● **Task brief**
Take every line from the data that has the word "fact" in it.

● **Saved entries**
text \<open>On the real axis the circle meets neither open half, and there \<open>arc_warp\<close> is the identity
  since \<open>-1 \<le> p < q \<le> 1\<close>; so the two pieces glue continuously.\<close>
lemma continuous_on_arc_warp: "continuous_on S1 (arc_warp p q l)"
proof -
  let ?F = "\<lambda>z. upper_point (interval_warp p q l (Re z))"
  have "continuous_on A ?F" for A
  proof -
    have "continuous_on A (\<lambda>z. interval_warp p q l (Re z))"
      by (rule continuous_on_compose2[OF continuous_on_interval_warp[OF l pq, of UNIV]])
        (auto intro: continuous_intros)
    then show ?thesis unfolding upper_point_def by (intro continuous_intros)
  qed
  moreover have "closed (S1 \<inter> {z. Im z \<ge> 0})" "closed (S1 \<inter> {z. Im z \<le> 0})"
    by (intro closed_Int closed_sphere closed_Collect_le continuous_intros)+
  ultimately have "continuous_on ((S1 \<inter> {z. Im z \<ge> 0}) \<union> (S1 \<inter> {z. Im z \<le> 0}))
      (\<lambda>z. if Im z \<ge> 0 then ?F z else z)"
  proof (intro continuous_on_cases continuous_on_id allI impI)
    fix z assume "z \<in> S1 \<inter> {z. 0 \<le> Im z} \<and> \<not> 0 \<le> Im z \<or> z \<in> S1 \<inter> {z. Im z \<le> 0} \<and> 0 \<le> Im z"
    then have z: "z \<in> S1" "Im z = 0" by auto
    then have "Re z \<notin> {p<..<q}"
      using in_S1_iff[of z] p q by (auto simp: power2_eq_1_iff)
    then have "arc_warp p q l z = z" using arc_warp_outside z by blast
    then show "?F z = z" using z by (simp add: arc_warp_def)
  qed
  moreover have "(S1 \<inter> {z. Im z \<ge> 0}) \<union> (S1 \<inter> {z. Im z \<le> 0}) = S1" by auto
  ultimately show ?thesis
    by (elim continuous_on_cong[THEN iffD1, rotated 2]) (auto simp: arc_warp_def)
qed

end

lemma arc_warp_data_inverse: "arc_warp_data p q l \<Longrightarrow> arc_warp_data p q (1/l)"
  unfolding arc_warp_data_def by auto

lemma arc_warp_Homeo:
  assumes "arc_warp_data p q l"
  shows "arc_warp p q l \<in> Homeo (top_of_set S1)"
proof (rule Homeo_top_of_setI[where g = "arc_warp p q (1/l)"])
  interpret fwd: arc_warp_data p q l by fact
  interpret bwd: arc_warp_data p q "1/l" using arc_warp_data_inverse assms .
  show "continuous_on S1 (arc_warp p q l)" "continuous_on S1 (arc_warp p q (1/l))"
    by (rule fwd.continuous_on_arc_warp bwd.continuous_on_arc_warp)+
  show "arc_warp p q l ` S1 \<subseteq> S1" "arc_warp p q (1/l) ` S1 \<subseteq> S1"
    using fwd.arc_warp_in_S1 bwd.arc_warp_in_S1 by blast+
  show "arc_warp p q (1/l) (arc_warp p q l x) = x" if "x \<in> S1" for x
    using fwd.arc_warp_inverse that .
  show "arc_warp p q l (arc_warp p q (1/l) y) = y" if "y \<in> S1" for y
    using bwd.arc_warp_inverse[OF that] by simp
  show "arc_warp p q l x = x" if "x \<notin> S1" for x using that by (simp add: arc_warp_def)
qed

definition rotation :: "complex \<Rightarrow> complex \<Rightarrow> complex" where
  "rotation u z = (if z \<in> S1 then u * z else z)"

lemma rotation_Homeo: "cmod u = 1 \<Longrightarrow> rotation u \<in> Homeo (top_of_set S1)"
proof (rule Homeo_top_of_setI[where g = "rotation (cnj u)"])
  assume u: "cmod u = 1"
  have uu: "cnj u * u = 1" "u * cnj u = 1"
    using u complex_norm_square[of u] by (simp_all add: mult.commute)
  show "continuous_on S1 (rotation u)" "continuous_on S1 (rotation (cnj u))"
    by (auto simp: rotation_def intro!: continuous_on_cong[THEN iffD1, OF refl _
          continuous_on_mult_left[OF continuous_on_id]])
  show "rotation u ` S1 \<subseteq> S1" "rotation (cnj u) ` S1 \<subseteq> S1"
    using u by (auto simp: rotation_def norm_mult)
  show "rotation (cnj u) (rotation u x) = x" "rotation u (rotation (cnj u) x) = x" if "x \<in> S1" for x
    using that u uu by (auto simp: rotation_def norm_mult mult.assoc[symmetric])
  show "rotation u x = x" if "x \<notin> S1" for x using that by (simp add: rotation_def)
qed

definition reflection :: "complex \<Rightarrow> complex" where
  "reflection z = (if z \<in> S1 then cnj z else z)"

lemma reflection_Homeo: "reflection \<in> Homeo (top_of_set S1)"
proof -
  have cont: "continuous_on S1 reflection"
    by (rule continuous_on_cong[THEN iffD1, OF refl _ continuous_on_cnj[OF continuous_on_id]])
      (auto simp: reflection_def)
  show ?thesis by (rule Homeo_top_of_setI[OF cont cont]) (auto simp: reflection_def)
qed

section \<open>The pieces and their stabiliser\<close>

text \<open>\<open>level s\<close> is \<open>2m\<close> at \<open>s = m\<close> and \<open>2m+1\<close> on \<open>]m, m+1[\<close>.\<close>
definition level :: "real \<Rightarrow> nat" where
  "level s = nat (\<lfloor>s\<rfloor> + \<lceil>s\<rceil>)"

lemma level_of_nat: "level (real m) = 2 * m"
  by (simp add: level_def)

lemma level_between: "real k < s \<Longrightarrow> s < real k + 1 \<Longrightarrow> level s = 2 * k + 1"
proof -
  assume a: "real k < s" "s < real k + 1"
  then have "\<lfloor>s\<rfloor> = int k" "\<lceil>s\<rceil> = int k + 1" by (simp_all add: floor_eq_iff ceiling_eq_iff)
  then show ?thesis by (simp add: level_def)
qed

lemma level_cases:
  assumes "s \<ge> 0"
  obtains m where "s = real m" "level s = 2 * m"
  | k where "real k < s" "s < real k + 1" "level s = 2 * k + 1"
proof -
  define k where "k = nat \<lfloor>s\<rfloor>"
  have k: "real k \<le> s" "s < real k + 1" using assms by (simp_all add: k_def)
  show ?thesis
  proof (cases "s = real k")
    case True then show ?thesis using that(1) level_of_nat by metis
  next
    case False then show ?thesis using that(2) level_between k by force
  qed
qed

lemma level_even: "s \<ge> 0 \<Longrightarrow> level s = 2 * m \<Longrightarrow> s = real m"
  by (erule level_cases) (auto, presburger)

lemma level_odd: "s \<ge> 0 \<Longrightarrow> level s = 2 * k + 1 \<Longrightarrow> real k < s \<and> s < real k + 1"
proof (erule level_cases)
  fix m assume "level s = 2 * k + 1" "level s = 2 * m"
  then show ?thesis by presburger
qed simp

lemma level_le_double: "s \<ge> 0 \<Longrightarrow> level s \<le> 2 * t \<longleftrightarrow> s \<le> real t"
proof (erule level_cases)
  fix k assume a: "real k < s" "s < real k + 1" "level s = 2 * k + 1"
  have "k < t \<longleftrightarrow> s \<le> real t"
  proof
    assume "k < t" then show "s \<le> real t" using a by linarith
  next
    assume "s \<le> real t" then show "k < t" using a by simp
  qed
  then show ?thesis using a by auto
qed simp

lemma level_le: "s \<ge> 0 \<Longrightarrow> 2 * s \<le> real N \<Longrightarrow> level s \<le> N"
proof (erule level_cases)
  fix k assume "real k < s" "level s = 2 * k + 1" "2 * s \<le> real N"
  then have "real (2 * k) < real N" by simp
  then show ?thesis using \<open>level s = 2 * k + 1\<close> by simp
qed simp

text \<open>The circle is cut into the pieces \<open>0, \<dots>, N\<close> by the levels of \<open>depth N\<close>, which runs from
  \<open>0\<close> at \<open>1\<close> to \<open>N/2\<close> at \<open>-1\<close>: even pieces are conjugate pairs of points, odd pieces are pairs of
  conjugate open arcs, except that for odd \<open>N\<close> the last piece is a single arc around \<open>-1\<close>.\<close>
definition depth :: "nat \<Rightarrow> complex \<Rightarrow> real" where
  "depth N z = real N * (1 - Re z) / 4"

definition piece :: "nat \<Rightarrow> complex \<Rightarrow> nat" where
  "piece N z = level (depth N z)"

lemma depth_bounds: "z \<in> S1 \<Longrightarrow> 0 \<le> depth N z \<and> 2 * depth N z \<le> real N"
proof -
  assume "z \<in> S1"
  then have "1 - Re z \<le> 2" "0 \<le> 1 - Re z" using Re_S1 by auto
  then have "real N * (1 - Re z) \<le> real N * 2" "0 \<le> real N * (1 - Re z)"
    by (auto intro: mult_left_mono)
  then show ?thesis by (auto simp: depth_def)
qed

lemma piece_le: "z \<in> S1 \<Longrightarrow> piece N z \<le> N"
  using depth_bounds level_le piece_def by metis

lemma piece_1: "piece N 1 = 0"
  using level_of_nat[of 0] by (simp add: piece_def depth_def)

lemma piece_surj:
  assumes "N > 0" "j \<le> N"
  shows "\<exists>z\<in>S1. piece N z = j"
proof -
  have depth_surj: "\<exists>z\<in>S1. depth N z = v" if "0 \<le> v" "2 * v \<le> real N" for v
  proof -
    define x where "x = 1 - 4 * v / real N"
    have "x \<in> {-1..1}" using that assms by (auto simp: x_def divide_simps)
    then have "upper_point x \<in> S1" by (rule upper_point_in_S1)
    moreover have "depth N (upper_point x) = v" using assms by (simp add: depth_def x_def)
    ultimately show ?thesis by blast
  qed
  show ?thesis
  proof (cases "even j")
    case True
    then obtain m where m: "j = 2 * m" by blast
    then obtain z where "z \<in> S1" "depth N z = real m" using depth_surj[of "real m"] assms by auto
    then show ?thesis using m level_of_nat piece_def by metis
  next
    case False
    then obtain k where k: "j = 2 * k + 1" by (metis oddE)
    then obtain z where "z \<in> S1" "depth N z = real k + 1/2"
      using depth_surj[of "real k + 1/2"] assms by auto
    moreover have "level (real k + 1/2) = 2 * k + 1" by (rule level_between) auto
    ultimately show ?thesis using k piece_def by metis
  qed
qed

definition piece_group :: "nat \<Rightarrow> (complex \<Rightarrow> complex) set" where
  "piece_group N = {h \<in> Homeo (top_of_set S1). \<forall>z\<in>S1. piece N (h z) = piece N z}"

lemma homeo_subgroup_piece_group: "homeo_subgroup (top_of_set S1) (piece_group N)"
  using homeo_subgroup_stabiliser[of "top_of_set S1" "piece N"] by (simp add: piece_group_def)

lemmas piece_orbit_refl = in_orbit_refl[OF homeo_subgroup_piece_group]
  and piece_orbit_trans = in_orbit_trans[OF homeo_subgroup_piece_group]
  and piece_orbit_sym =
    in_orbit_sym[OF homeo_subgroup_piece_group, unfolded topspace_euclidean_subtopology]

lemma piece_groupD: "h \<in> piece_group N \<Longrightarrow> z \<in> S1 \<Longrightarrow> h z \<in> S1 \<and> piece N (h z) = piece N z"
  using Homeo_in_topspace[of h "top_of_set S1" z] by (auto simp: piece_group_def)

lemma reflection_in_piece_group: "reflection \<in> piece_group N"
  using reflection_Homeo by (auto simp: piece_group_def piece_def depth_def reflection_def)

lemma arc_warp_in_piece_group:
  assumes "arc_warp_data p q l"
    and level: "\<And>x. x \<in> {p<..<q} \<Longrightarrow> level (real N * (1 - x) / 4) = j"
  shows "arc_warp p q l \<in> piece_group N"
proof -
  interpret arc_warp_data p q l by fact
  have "piece N (arc_warp p q l z) = piece N z" if z: "z \<in> S1" for z
  proof (cases "Re z \<in> {p<..<q}")
    case True
    then have "Re (arc_warp p q l z) \<in> {p<..<q}" using Re_arc_warp_in z by blast
    then show ?thesis using True level by (simp add: piece_def depth_def)
  next
    case False
    then show ?thesis using arc_warp_outside z by simp
  qed
  then show ?thesis unfolding piece_group_def using arc_warp_Homeo[OF assms(1)] by auto
qed

lemma piece_orbit_upper:
  assumes "z \<in> S1"
  obtains z' where "in_orbit (piece_group N) z z'" "z' \<in> S1" "Re z' = Re z" "Im z' \<ge> 0"
proof (cases "Im z \<ge> 0")
  case True
  then show ?thesis using that assms piece_orbit_refl by blast
next
  case False
  have "reflection z = cnj z" using assms by (simp add: reflection_def)
  then have "in_orbit (piece_group N) z (cnj z)"
    unfolding in_orbit_def using reflection_in_piece_group by metis
  then show ?thesis using that assms False by simp
qed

● **Answer to the problem**
  interpret fwd: arc_warp_data p q l by fact
  interpret arc_warp_data p q l by fact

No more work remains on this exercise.